File:Ecstasy monogram.jpg

Ecstacy a/k/a Molly, Author DEA, Source https://www.dea.gov, (PD as work product of federal govt.)

“I am more convinced than ever that psychiatric medications, over the long term, cause net harm.  I wish that weren’t the case, but the evidence just keeps mounting that these drugs, on the whole, worsen long-term outcomes…The inventor of frontal lobotomy…was awarded a Nobel Prize for inventing that surgery, which today we understand as a mutilation.”

-Award-winning science author and journalist, Robert Whitaker [1][2]

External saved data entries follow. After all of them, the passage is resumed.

lemma INF_eq_attained:
  fixes obj :: "'a \<Rightarrow> 'b::complete_linorder"
  assumes "z0 \<in> F" and "obj z0 = v" and "\<forall>z\<in>F. v \<le> obj z"
  shows "(INF z\<in>F. obj z) = v"
  using assms by (intro antisym INF_lower2[of z0] INF_greatest) auto

context
  fixes phi :: "real \<Rightarrow> ereal" and G :: "'x \<Rightarrow> real^'m::finite" and S :: "'x set"
    and \<alpha> :: real and s :: nat
  assumes phi: "phi \<in> PhiFamily" and \<alpha>: "0 < \<alpha>" and G: "\<forall>x i. 0 \<le> G x $ i"
    and s_le_card: "\<forall>x\<in>S. s \<le> card {i. \<alpha> \<le> G x $ i}"
    and s_attained: "\<exists>x\<in>S. l0 (G x) = s"
begin

lemma sumphi_plus_penalty_ge:
  assumes "x \<in> S" and "w \<in> box01"
  shows "ereal (real s) \<le> sumphi phi w + left_deriv_at_1 phi / ereal \<alpha> * ereal (inner_ew w (G x))"
proof -
  have "ereal (real s) \<le> ereal (real (card {i. \<alpha> \<le> G x $ i}))"
    using s_le_card assms(1) by simp
  also have "\<dots> \<le> sumphi phi w + left_deriv_at_1 phi / ereal \<alpha> * ereal (inner_ew w (G x))"
    using G by (intro card_le_sumphi_plus_penalty[OF phi assms(2) _ \<alpha>]) simp
  finally show ?thesis .
qed

lemma sumphi_ge_if_complementary:
  assumes "x \<in> S" and "w \<in> box01" and "inner_ew w (G x) = 0"
  shows "ereal (real s) \<le> sumphi phi w"
  using sumphi_plus_penalty_ge[OF assms(1,2)] assms(3) by (simp add: zero_ereal_def[symmetric])

lemma sumphi_plus_penalty_gt:
  assumes \<rho>: "left_deriv_at_1 phi / ereal \<alpha> < ereal \<rho>"
    and "x \<in> S" and "w \<in> box01" and "inner_ew w (G x) \<noteq> 0"
  shows "ereal (real s) < sumphi phi w + ereal (\<rho> * inner_ew w (G x))"
proof -
  have "ereal (real s) \<le> ereal (real (card {i. \<alpha> \<le> G x $ i}))"
    using s_le_card assms(2) by simp
  also have "\<dots> < sumphi phi w + ereal (\<rho> * inner_ew w (G x))"
    using G assms(3,4) by (intro card_less_sumphi_plus_penalty[OF phi _ _ \<alpha> \<rho>]) simp_all
  finally show ?thesis .
qed

lemma complementary_optimum_exists:
  obtains x w where "x \<in> S" and "w \<in> box01" and "inner_ew w (G x) = 0"
    and "sumphi phi w = ereal (real s)"
proof -
  obtain x where "x \<in> S" "l0 (G x) = s" using s_attained by blast
  moreover obtain w where "w \<in> box01" "inner_ew w (G x) = 0" "sumphi phi w = ereal (real (l0 (G x)))"
    using complementary_weight_exists[OF phi] .
  ultimately show ?thesis using that by simp
qed

lemma INF_complementary_eq:
  "(INF z\<in>{(x, w). inner_ew w (G x) = 0 \<and> w \<in> box01 \<and> x \<in> S}. sumphi phi (snd z))
     = ereal (real s)"
proof -
  obtain x0 w0 where "x0 \<in> S" "w0 \<in> box01" "inner_ew w0 (G x0) = 0"
    "sumphi phi w0 = ereal (real s)"
    using complementary_optimum_exists .
  thus ?thesis
    by (intro INF_eq_attained[of "(x0, w0)"]) (auto intro: sumphi_ge_if_complementary)
qed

Recently, a number of drug trials have been conducted re-assessing the effectiveness of psychedelics for anxiety, depression, and post-traumatic stress disorder (PTSD).

While the results of these trials have been heralded as providing new treatment options for tenacious illnesses, there are serious dangers associated with psychedelics.

Serotonin

Psychedelics act on receptors in the brain for serotonin, a neurotransmitter that effects mood.

There is some thinking that psychedelics enhance the brain’s capacity to form and reorganize synaptic connections, especially following injury [3A].  But this hypothesis needs further research.

In the therapeutic setting, psychedelics cause a receptive, dream-like state during which memories are readily accessible [3B].  The theory is that this state opens the door to fresh ideas the therapist can introduce.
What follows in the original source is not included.